Effect of arbuscular mycorrhizal fungi on trace metal uptake by sunflower plants grown on cadmium contaminated soil.

Trace metal (TM) pollution of soil is a worldwide problem that threatens the quality of human and environmental health. Phytoremediation using plants and their associated microbes has been increasingly used as a green technology for cleaning up TM-polluted soils.
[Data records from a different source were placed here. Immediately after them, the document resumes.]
section \<open>Stationary points of a linear function on the Stiefel manifold\<close>

lemma frechet_subdiff_linear_stiefel:
  assumes g: "\<And>X. g X = ereal (frob_inner A X) + indicator_fun (stiefel d K) X"
    and A: "A \<in> carrier_mat d K" and V: "V \<in> frechet_subdiff d K g X"
  shows "X \<in> stiefel d K \<and> (V - A) * X\<^sup>T = X * (V - A)\<^sup>T"
proof -
  have Vc: "V \<in> carrier_mat d K" and fin: "\<bar>g X\<bar> \<noteq> \<infinity>"
    and frechet: "\<forall>\<epsilon>>0. \<exists>\<delta>>0. \<forall>Y \<in> carrier_mat d K. frob_norm (Y - X) < \<delta> \<longrightarrow>
        g Y \<ge> ereal (real_of_ereal (g X) + frob_inner V (Y - X) - \<epsilon> * frob_norm (Y - X))"
    using V by (auto simp: frechet_subdiff_def)
  have g_stiefel: "g Y = ereal (frob_inner A Y)" if "Y \<in> stiefel d K" for Y
    using that by (simp add: g indicator_fun_def)
  have X: "X \<in> stiefel d K"
    using fin by (auto simp: g indicator_fun_def split: if_splits)
  have Xc: "X \<in> carrier_mat d K" using X by (rule stiefel_carrier)
  have "\<forall>\<epsilon>>0. \<exists>\<delta>>0. \<forall>Y\<in>stiefel d K. frob_norm (Y - X) < \<delta> \<longrightarrow>
      frob_inner (V - A) (Y - X) \<le> \<epsilon> * frob_norm (Y - X)"
  proof (intro allI impI)
    fix \<epsilon> :: real assume "\<epsilon> > 0"
    with frechet obtain \<delta> where "\<delta> > 0" and near: "\<forall>Y \<in> carrier_mat d K. frob_norm (Y - X) < \<delta> \<longrightarrow>
        g Y \<ge> ereal (real_of_ereal (g X) + frob_inner V (Y - X) - \<epsilon> * frob_norm (Y - X))"
      by blast
    have "frob_inner (V - A) (Y - X) \<le> \<epsilon> * frob_norm (Y - X)"
      if Y: "Y \<in> stiefel d K" and "frob_norm (Y - X) < \<delta>" for Y
    proof -
      have Yc: "Y \<in> carrier_mat d K" using Y by (rule stiefel_carrier)
      have "frob_inner A X + frob_inner V (Y - X) - \<epsilon> * frob_norm (Y - X) \<le> frob_inner A Y"
        using near Yc that g_stiefel[OF Y] g_stiefel[OF X] by auto
      then show ?thesis
        using frob_inner_diff_left[OF Vc A minus_carrier_mat[OF Xc]] frob_inner_diff_right[OF A Xc Yc]
        by simp
    qed
    with \<open>\<delta> > 0\<close> show "\<exists>\<delta>>0. \<forall>Y\<in>stiefel d K. frob_norm (Y - X) < \<delta> \<longrightarrow>
        frob_inner (V - A) (Y - X) \<le> \<epsilon> * frob_norm (Y - X)" by blast
  qed
  then show ?thesis
    using frechet_normal_stiefel_symmetric[OF X minus_carrier_mat[OF A]] X by blast
qed
(* Let $m\ge1$, let $S\le G_{m,m}$ be the stabilizer of $(0,0,\dots,0)\in H_{2m+1}$ under the right action $\pi$ described below, and let $\widehat K_m\to K_{m,m}$ be the finite covering space of the presentation complex $K_{m,m}$ corresponding to $S$. Then $\widehat K_m$ cellularly embeds into the $2$–skeleton of $\mathcal T_{2m+1}$.
   Context: $G_{m,m}=\langle a_1,\dots,a_{2m+1}\mid [a_i,a_{i+1}]=1\ (1\le i\le m),\ a_{m+j+1}^{-1}a_ja_{m+j+1}=a_{m+j}\ (1\le j\le m)\rangle$; $K_{m,m}$ is its presentation $2$–complex (one $0$–cell, $2m+1$ loops, $2m$ squares); $G_{m,k}$ denotes the subgroup generated by $a_1,\dots,a_{m+k+1}$. Let $H_n=\{0,1\}^n$, identified with a subset of $H_{n+1}$ by appending $0$; $H_n^*\subset H_{n+1}$ the tuples with last coordinate $1$. Let $\beta_i$ flip the $i$-th coordinate and $\varphi_{k,m+k}$ swap the $k$-th and $(m+k)$-th coordinates. The right action $\pi$ ($\pi(gh)=\pi(h)\pi(g)$) of $G_{m,m}$ on $H_{2m+1}$ is defined inductively: $\pi(a_i)=\beta_i$ on $H_{m+1}$ for $i\le m+1$; for $k=1,\dots,m$, $\pi(a_{m+k+1})=\beta_{m+k+1}$ on $H_{m+k+1}$ and, for $j\le m+k$, $\pi(a_j)|_{H^*_{m+k}}=\beta_{m+k+1}\circ\varphi_{k,m+k}\circ\pi(a_j)|_{H_{m+k}}\circ\varphi_{k,m+k}\circ\beta_{m+k+1}$; this is a well-defined transitive right action. $C_2=\mathbb R/2\mathbb Z$ has $0$–cells $0,1$ and $1$–cells $[0,1]$, $[1,2]$; $\mathcal T_n=(\mathbb R/2\mathbb Z)^n$ has the product CW (cube) structure, with $0$–skeleton $H_n$. *)

theory Defs
  imports Main
begin

text \<open>A tuple in H_n = {0,1}^n is a function nat => bool which is False outside
  the coordinates 1..n (True = 1). Appending 0 is then literally the inclusion
  H_n in H_(n+1).\<close>

definition Hcube :: "nat \<Rightarrow> (nat \<Rightarrow> bool) set" where
  "Hcube n = {x. \<forall>k. x k \<longrightarrow> 1 \<le> k \<and> k \<le> n}"

definition zero_tuple :: "nat \<Rightarrow> bool" where
  "zero_tuple = (\<lambda>_. False)"

definition flip :: "nat \<Rightarrow> (nat \<Rightarrow> bool) \<Rightarrow> (nat \<Rightarrow> bool)" where
  "flip i x = x(i := \<not> x i)"

definition swapc :: "nat \<Rightarrow> nat \<Rightarrow> (nat \<Rightarrow> bool) \<Rightarrow> (nat \<Rightarrow> bool)" where
  "swapc i j x = x(i := x j, j := x i)"

text \<open>pi_stage m k j is the permutation pi(a_j) of H_{m+k+1} (for j <= m+k+1),
  defined by the paper's induction on k; stage 0 is pi(a_i) = beta_i on H_{m+1}.\<close>

fun pi_stage :: "nat \<Rightarrow> nat \<Rightarrow> nat \<Rightarrow> (nat \<Rightarrow> bool) \<Rightarrow> (nat \<Rightarrow> bool)" where
  "pi_stage m 0 j x = flip j x"
| "pi_stage m (Suc k) j x =
     (let n = m + Suc k + 1 in
      if j = n then flip n x
      else if \<not> x n then pi_stage m k j x
      else flip n (swapc (Suc k) (m + Suc k)
                 (pi_stage m k j (swapc (Suc k) (m + Suc k) (flip n x)))))"

text \<open>pi(a_j) on H_{2m+1}, 1 <= j <= 2m+1; right action: x . a_j = pi_act m j x.\<close>
definition pi_act :: "nat \<Rightarrow> nat \<Rightarrow> (nat \<Rightarrow> bool) \<Rightarrow> (nat \<Rightarrow> bool)" where
  "pi_act m j x = pi_stage m m j x"

definition pi_act_inv :: "nat \<Rightarrow> nat \<Rightarrow> (nat \<Rightarrow> bool) \<Rightarrow> (nat \<Rightarrow> bool)" where
  "pi_act_inv m j y = (THE x. x \<in> Hcube (2*m+1) \<and> pi_act m j x = y)"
In this study, we investigated the effect of inoculating two arbuscular mycorrhizal fungal isolates, Rhizophagus irregularis and Funneliformis mosseae, on trace metal uptake by sunflower plants grown in soils contaminated with three different Cd concentrations in a greenhouse trial. Root colonization, plant dry mass, and plant tissue cadmium (Cd), zinc (Zn), and copper (Cu) concentrations in roots and shoots were determined after sunflower harvesting. We found that root mycorrhizal colonization rates were not significantly affected by Cd treatments. At low soil Cd concentration, R. irregularis-inoculated plants had significantly higher shoot Cd and Zn concentrations than plants inoculated with F. mosseae and non-inoculated plants. However, at high soil Cd concentrations, F. mosseae-inoculated plants had significantly lower shoot Cd and Zn concentrations and biological concentration factor (BCF) values than plants inoculated with R. irregularis and non-inoculated plants. Cadmium was mainly translocated in shoot tissues of R. irregularis-inoculated plants and sequestered in the rhizosphere of F. mosseae-inoculated plants. The results indicate that these AMF strains mediate different tolerance strategies to alleviate TM toxicity in their host plants and that inoculation with the R. irregularis strain can be used for Cd phytoextraction, whereas this F. mosseae strain can be useful for Cd and Zn phytostabilization of contaminated soil.